The study of somatic mutations within EMS is in its infancy. New findings continue to highlight the dynamic nature of these tissues, guiding us to adjust our perception of normal tissues and the role of cancer driver mutations. Lac et al. [158] identified that 50% of healthy endometrium contains cancer driver mutations and that acquisition will increase proportionally with age. Mutations are no longer relegated to the abnormal, requiring us to adjust our perspective of “normal” tissues. We must seek to understand the pathways they exploit and the potential room for their influence at various stages of disease progression. Adding to this complexity is the presence of allelic variations in mutations, thus while the presence of one may influence tumor leukocyte infiltration and correlate with positive patient outcomes, another may not [147, 159]. The importance of individual microenvironments cannot be understated and will eventually be the focus in therapeutics, as immune-centered therapies continue to rise.

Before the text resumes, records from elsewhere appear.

lemma eventually_u_conj_reduced_product:
  assumes "reduced_product k l y"
  shows "\<forall>\<^sub>F g in cofinite. reduced_product True True (u g * y * star (u g))"
  using assms
proof (cases rule: reduced_product.cases)
  case letter
  then have y: "y \<in> centered k" by simp
  show ?thesis
  proof (cases k)
    case True
    then have "y \<in> monomials" "\<phi> y = 0" using y by (simp_all add: centered_def letters_def)
    then have "u g * y * star (u g) \<in> centered True" for g
      using monomials_mult[OF monomials_mult[OF u_in_monomials] monomials_star[OF u_in_monomials]]
        state_u_conj_monomial by (simp add: centered_def letters_def)
    then show ?thesis by (simp add: reduced_product.letter)
  next
    case False
    show ?thesis
      using eventually_conj[OF eventually_u_mult_centered[OF y] eventually_cofinite_neq[of 0]]
    proof (rule eventually_mono)
      fix g :: 'g assume "reduced_product True k (u g * y) \<and> g \<noteq> 0"
      then show "reduced_product True True (u g * y * star (u g))"
        using False star_u_centered reduced_product_mult reduced_product.letter by fastforce
    qed
  qed
next
  case (cons x z)
  then have x: "x \<in> centered k" and z: "reduced_product (\<not> k) l z" and y: "y = x * z" by simp_all
  show ?thesis
    using eventually_conj[OF eventually_u_mult_centered[OF x]
        eventually_reduced_product_mult_star_u[OF z]]
  proof (rule eventually_mono)
    fix g assume "reduced_product True k (u g * x) \<and> reduced_product (\<not> k) True (z * star (u g))"
    then have "reduced_product True True ((u g * x) * (z * star (u g)))"
      using reduced_product_mult by blast
    then show "reduced_product True True (u g * y * star (u g))" by (simp add: y mult.assoc)
  qed
qed

lemma eventually_u_mult_reduced_products:
  "y \<in> reduced_products \<Longrightarrow> \<forall>\<^sub>F g in cofinite. \<exists>l. reduced_product True l (u g * y)"
  unfolding reduced_products_def
  using eventually_cofinite_neq[of 0] u_centered reduced_product.letter
    eventually_u_mult_reduced_product
  by (fastforce elim: eventually_mono)

lemma eventually_reduced_products_mult_star_u:
  "y \<in> reduced_products \<Longrightarrow> \<forall>\<^sub>F g in cofinite. \<exists>k. reduced_product k True (y * star (u g))"
  unfolding reduced_products_def
  using eventually_cofinite_neq[of 0] star_u_centered reduced_product.letter
    eventually_reduced_product_mult_star_u
  by (fastforce elim: eventually_mono)

section \<open>Asymptotic freeness of the conjugates of A2\<close>

definition u_conj :: "'g \<Rightarrow> 'a \<Rightarrow> 'a" where
  "u_conj g x = star (u g) * x * u g"

lemma u_conj_in_A: "x \<in> A \<Longrightarrow> u_conj g x \<in> A"
  unfolding u_conj_def by (simp add: A_mult A_star u_in_A)

lemma norm_u_conj_le: "norm (u_conj g x) \<le> norm x"
proof -
  have "norm (u_conj g x) \<le> norm (star (u g)) * norm x * norm (u g)"
    unfolding u_conj_def by (metis norm_mult_ineq mult_right_mono norm_ge_zero order_trans)
  then show ?thesis by (simp add: norm_u)
qed

lemma u_conj_mult: "u_conj g x * u_conj g y = u_conj g (x * y)"
  by (simp add: u_conj_def mult.assoc u_cancel_left)

lemma u_conj_add_sc: "u_conj g (sc iu c + x) = sc iu c + u_conj g x"
  by (simp add: u_conj_def distrib_left distrib_right sc_commute mult.assoc)

lemma eventually_state_u_conj_vanishes:
  assumes v: "v \<in> reduced_products" and w: "w \<in> reduced_products"
  shows "\<forall>\<^sub>F g in cofinite. \<forall>s. reduced_product False False s \<longrightarrow> \<phi> (v * u_conj g s * w) = 0"
  using eventually_conj[OF eventually_reduced_products_mult_star_u[OF v]
      eventually_u_mult_reduced_products[OF w]]
proof (rule eventually_mono)
  fix g assume "(\<exists>k. reduced_product k True (v * star (u g))) \<and>
    (\<exists>l. reduced_product True l (u g * w))"
  then obtain k l where vg: "reduced_product k True (v * star (u g))"
    and wg: "reduced_product True l (u g * w)" by blast
  show "\<forall>s. reduced_product False False s \<longrightarrow> \<phi> (v * u_conj g s * w) = 0"
  proof (intro allI impI)
    fix s assume "reduced_product False False s"
    then have "reduced_product k False (v * star (u g) * s)"
      using reduced_product_mult[OF vg, of False s] by simp
    then have "reduced_product k l ((v * star (u g)) * s * (u g * w))"
      using reduced_product_mult[of k False _ l "u g * w"] wg by simp
    then show "\<phi> (v * u_conj g s * w) = 0"
      using reduced_product_state by (simp add: u_conj_def mult.assoc)
  qed
qed
(* Let $P$ be the program $l(X)\leftarrow p(X),r(X).\quad p(X)\leftarrow q(X,Y),p(Y).\quad r(f(X))\leftarrow s(Y),r(X).\quad q(f(Z),Z).\quad p(0).\quad r(0).\quad s(0).$ There is no linear norm $\|\cdot\|$ and linear level mapping $|\cdot|$ such that for all terms $X,Y$: $|\mathit{solve}(p(X))| > |\mathit{solve}((q(X,Y),p(Y)))|$, $|\mathit{solve}(r(f(X)))| > |\mathit{solve}((s(Y),r(X)))|$, and $|\mathit{solve}((s(Y),r(X)))| > |\mathit{solve}(r(X))|$, where $>$ is the usual order on natural numbers and $(\cdot,\cdot)$ is the binary functor $,/2$.
   Context: A norm maps terms to natural numbers and a level mapping maps atoms to natural numbers. A norm is linear if for every functor $f$ of arity $n$ (constants having arity $0$) $\|f(t_1,\dots,t_n)\|=c^f+\sum_{i=1}^n a^f_i\|t_i\|$, and a level mapping is linear if for every predicate $p$ of arity $n$ $|p(t_1,\dots,t_n)|=c^p+\sum_{i=1}^n a^p_i\|t_i\|$ for a linear norm $\|\cdot\|$, where all coefficients $c^f,a^f_i,c^p,a^p_i$ are non-negative integers. Here the atoms $\mathit{solve}(t)$ are atoms of a unary predicate $\mathit{solve}$ whose argument is a term built from the predicate symbols of $P$ (treated as functors) and the binary functor $,/2$. *)

theory Defs
  imports Main
begin

text \<open>A functor is identified by its name together with its arity (the length of
  the argument list).  Atoms are represented in the same way (predicate symbol
  applied to arguments); predicate symbols may also be used as functors.\<close>

datatype gterm = Fn string "gterm list"

definition linear_norm :: "(gterm \<Rightarrow> nat) \<Rightarrow> bool" where
  "linear_norm nrm \<longleftrightarrow>
     (\<exists>c :: string \<Rightarrow> nat \<Rightarrow> nat. \<exists>a :: string \<Rightarrow> nat \<Rightarrow> nat \<Rightarrow> nat.
        \<forall>f ts. nrm (Fn f ts) =
                c f (length ts) + (\<Sum>i<length ts. a f (length ts) i * nrm (ts ! i)))"

definition linear_level_mapping :: "(gterm \<Rightarrow> nat) \<Rightarrow> (gterm \<Rightarrow> nat) \<Rightarrow> bool" where
  "linear_level_mapping nrm lvl \<longleftrightarrow>
     (\<exists>c :: string \<Rightarrow> nat \<Rightarrow> nat. \<exists>a :: string \<Rightarrow> nat \<Rightarrow> nat \<Rightarrow> nat.
        \<forall>p ts. lvl (Fn p ts) =
                c p (length ts) + (\<Sum>i<length ts. a p (length ts) i * nrm (ts ! i)))"

inductive_set prog_terms :: "gterm set" where
  zero: "Fn ''0'' [] \<in> prog_terms"
| succ: "t \<in> prog_terms \<Longrightarrow> Fn ''f'' [t] \<in> prog_terms"

definition solve :: "gterm \<Rightarrow> gterm" where
  "solve t = Fn ''solve'' [t]"

definition conj :: "gterm \<Rightarrow> gterm \<Rightarrow> gterm" where
  "conj s t = Fn '','' [s, t]"

end

theory Submission
  imports Defs
begin

(* Under a linear norm and level mapping, |solve(t)| = C + A ||t|| and
   ||(u,v)|| = k + b1 ||u|| + b2 ||v||.  The decrease from p(0) to (q(0,0),p(0))
   is impossible unless b2 = 0, so the level of solve((s(Y),r(X))) does not depend
   on X.  Then the last two decreases, for X = 0 and for X = f(0), yield
   |solve(r(f(0)))| > |solve((s(0),r(0)))| = |solve((s(0),r(f(0))))| > |solve(r(f(0)))|. *)

lemma linear_norm_binary:
  assumes "linear_norm nrm"
  obtains k b1 b2 where "\<And>u v. nrm (Fn g [u, v]) = k + b1 * nrm u + b2 * nrm v"
proof -
  from assms obtain c a where "\<And>f ts. nrm (Fn f ts) =
      c f (length ts) + (\<Sum>i<length ts. a f (length ts) i * nrm (ts ! i))"
    unfolding linear_norm_def by blast
  then have "nrm (Fn g [u, v]) = c g 2 + a g 2 0 * nrm u + a g 2 1 * nrm v" for u v
    by (simp add: numeral_2_eq_2)
  then show thesis by (rule that)
qed

lemma linear_level_mapping_unary:
  assumes "linear_level_mapping nrm lvl"
  obtains C A where "\<And>t. lvl (Fn p [t]) = C + A * nrm t"
proof -
  from assms obtain c a where "\<And>f ts. lvl (Fn f ts) =
      c f (length ts) + (\<Sum>i<length ts. a f (length ts) i * nrm (ts ! i))"
    unfolding linear_level_mapping_def by blast
  then have "lvl (Fn p [t]) = c p 1 + a p 1 0 * nrm t" for t
    by simp
  then show thesis by (rule that)
qed

lemma solve_conj_level_independent_of_right:
  fixes nrm lvl :: "gterm \<Rightarrow> nat"
  assumes lvl_solve: "\<And>t. lvl (solve t) = C + A * nrm t"
    and nrm_conj: "\<And>u v. nrm (conj u v) = k + b1 * nrm u + b2 * nrm v"
    and decrease: "lvl (solve (conj u t)) < lvl (solve t)"
  shows "lvl (solve (conj u' v)) = lvl (solve (conj u' w))"
proof -
  have "A * (k + b1 * nrm u + b2 * nrm t) < A * nrm t"
    using decrease unfolding lvl_solve nrm_conj by (rule add_less_imp_less_left)
  then have "k + b1 * nrm u + b2 * nrm t < nrm t"
    by (meson mult_le_mono2 not_less)
  moreover have "nrm t \<le> b2 * nrm t" if "b2 \<noteq> 0"
    using that by simp
  ultimately have "b2 = 0"
    by linarith
  then show ?thesis
    by (simp add: lvl_solve nrm_conj)
qed

theorem mainTheorem4:
  shows "\<not> (\<exists>nrm lvl. linear_norm nrm \<and> linear_level_mapping nrm lvl \<and>
     (\<forall>X\<in>prog_terms. \<forall>Y\<in>prog_terms.
        lvl (solve (Fn ''p'' [X])) > lvl (solve (conj (Fn ''q'' [X, Y]) (Fn ''p'' [Y])))
      \<and> lvl (solve (Fn ''r'' [Fn ''f'' [X]])) > lvl (solve (conj (Fn ''s'' [Y]) (Fn ''r'' [X])))
      \<and> lvl (solve (conj (Fn ''s'' [Y]) (Fn ''r'' [X]))) > lvl (solve (Fn ''r'' [X]))))"
proof clarify
  fix nrm lvl
  assume "linear_norm nrm" and "linear_level_mapping nrm lvl"
    and decreases: "\<forall>X\<in>prog_terms. \<forall>Y\<in>prog_terms.
        lvl (solve (Fn ''p'' [X])) > lvl (solve (conj (Fn ''q'' [X, Y]) (Fn ''p'' [Y])))
      \<and> lvl (solve (Fn ''r'' [Fn ''f'' [X]])) > lvl (solve (conj (Fn ''s'' [Y]) (Fn ''r'' [X])))
      \<and> lvl (solve (conj (Fn ''s'' [Y]) (Fn ''r'' [X]))) > lvl (solve (Fn ''r'' [X]))"
  obtain C A where lvl_solve: "\<And>t. lvl (solve t) = C + A * nrm t"
    using linear_level_mapping_unary[OF \<open>linear_level_mapping nrm lvl\<close>]
    unfolding solve_def by blast
  obtain k b1 b2 where nrm_conj: "\<And>u v. nrm (conj u v) = k + b1 * nrm u + b2 * nrm v"
    using linear_norm_binary[OF \<open>linear_norm nrm\<close>] unfolding conj_def by blast
  define z where "z = Fn ''0'' []"
  have z: "z \<in> prog_terms" and fz: "Fn ''f'' [z] \<in> prog_terms"
    unfolding z_def by (auto intro: prog_terms.intros)
  have independent: "lvl (solve (conj u v)) = lvl (solve (conj u w))" for u v w
    using decreases z
    by (blast intro: solve_conj_level_independent_of_right[OF lvl_solve nrm_conj])
  have "lvl (solve (Fn ''r'' [Fn ''f'' [z]])) < lvl (solve (conj (Fn ''s'' [z]) (Fn ''r'' [Fn ''f'' [z]])))"
    using decreases z fz by blast
  also have "\<dots> = lvl (solve (conj (Fn ''s'' [z]) (Fn ''r'' [z])))"
    by (rule independent)
  also have "\<dots> < lvl (solve (Fn ''r'' [Fn ''f'' [z]]))"
    using decreases z by blast
  finally show False .
qed

end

Anti-PD-1/PD-L1 therapies in various cancers have looked to mutational load as an indicator of patient success with immunotherapies [146, 147, 160]. This underscores the need for understanding the status of immune cells present within the lesion and how they interact with these mutations to capitalize on those networks. Finally, more work is needed considering a place for neoantigens within EMS. The prevalence of these mutations in normal tissues may be preventing the immune system from mounting a response to those within endometriotic lesions as it does not recognize these as foreign. The selection process of T cells within the reproductive tract as well as the repertoire of these cells needs further research to understand at what point these mutations can be recognized as foreign and then cleared.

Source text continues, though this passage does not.